The stain that I used is Black Cat India ink, which is a solvent based ink.
I don't need something that will make it glossy, I really like the satin look I have now, I can post a picture of the piece if it would help.

thanks


----------



## Rob (Oct 31, 2006)

Looks nice.
I make my own wipe on varnish by using equal parts polyurethane/varnish and naptha. Some use mineral spirits but naptha dries faster.
Just mix the two together and use an old, lint free piece of tee shirt to apply. Don't get the rag wet, just damp and when you have wiped an area, leave it alone, even if you missed a spot. Let that dry and then do the same thing for about 2 more coats.
Afetr the 3rd coat has dried, scuff the surfaces with 320 sandpaper and remove the dust with a tac rag.
Put 3 more coats on and scuff again. 
The more coats you put on, the better the finish will look. You can get buy with just 3 but 8-10 will really make a big difference. Depending on your temps and humidity, you could get all 10 coats done in 2 days.


----------



## D0ZX (Dec 29, 2007)

Thanks Rob
So is there a certain brand of poly that I should get, I'm guessing I should get a satin or low gloss poly, correct?


----------



## Rob (Oct 31, 2006)

I just use Minwax fast dry poly and yes, get the sheen you desire. You can also buy the stuff premixed through Minwax. I just happen to have the stuff here in the shop, so it's cheaper.
Again, I can't stress enough. The more coats you apply, the better the end result will be. Good luck and post some pics when it's finished.


----------



## D0ZX (Dec 29, 2007)

Thanks again Rob
I picked up some poly yesterday, Minwax was the only brand I could find, and will be testing on a scrap piece today to see how it reacts with the India ink.


----------



## D0ZX (Dec 29, 2007)

Looks like this is the ticket, looks great on my scrap.

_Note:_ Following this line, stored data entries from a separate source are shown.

(* Let $G,H$ be $p$-regular multigraphs that are not isomorphic. Then $\mathbb{E}_{W\sim\mathrm{Wig}}\, m^c_G(W)\,m^c_H(W)=0$.
   Context: $\mathrm{Wig}$ is the law of the symmetric tensor $W\in\mathrm{Sym}^p(\mathbb{R}^n)$ with $W_{i_1,\dots,i_p}=\frac{1}{\sqrt{p!}}\sum_{\pi\in S_p}G_{i_{\pi(1)},\dots,i_{\pi(p)}}$, $G$ with i.i.d. $\mathcal{N}(0,1)$ entries; $T_S$ denotes the entry of a symmetric tensor indexed by a multiset $S$. Multigraphs $G=(V,E)$ may have loops and parallel edges (loop contributes 2 to degree). For $i\in[n]^E$, $i(\partial v)$ is the multiset of labels of edges at $v$ (loops counted twice). A Frobenius pair is a connected component consisting of two vertices joined by $p$ parallel edges; with $U$ the set of vertices in Frobenius pairs, $i(\pi)$ the multiset of edge labels of a pair $\pi$, and $b=|E|$, $m^c_G(T)=\sum_{i\in[n]^E,\ i_1,\dots,i_b\text{ distinct}}\big[\prod_{v\in V\setminus U}T_{i(\partial v)}\prod_\pi(T_{i(\pi)}^2-1)\big]$, the product over Frobenius pairs $\pi$ of $G$; $m^c_\emptyset=1$. *)

theory Defs
  imports "HOL-Probability.Probability"
begin

text \<open>A multigraph: vertex set, edge set, and for each edge the multiset of its
two endpoints (a loop at v has ends {#v,v#}).\<close>
record ('v,'e) mgraph =
  verts :: "'v set"
  edges :: "'e set"
  ends  :: "'e \<Rightarrow> 'v multiset"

Will be unloading my console and finishing it this weekend.
Thanks Rob


----------



## punkin611 (Sep 17, 2013)

D0ZX said:


> Looks like this is the ticket, looks great on my scrap.
> 
> Will be unloading my console and finishing it this weekend.
> Thanks Rob


 If you didn't want to have to put as many coats of poly just spray on dewaxed shellac ( the can type) then two- three coats of your topcoat of choice. Your level of durability will be little improved with more wiped on topcoats.


----------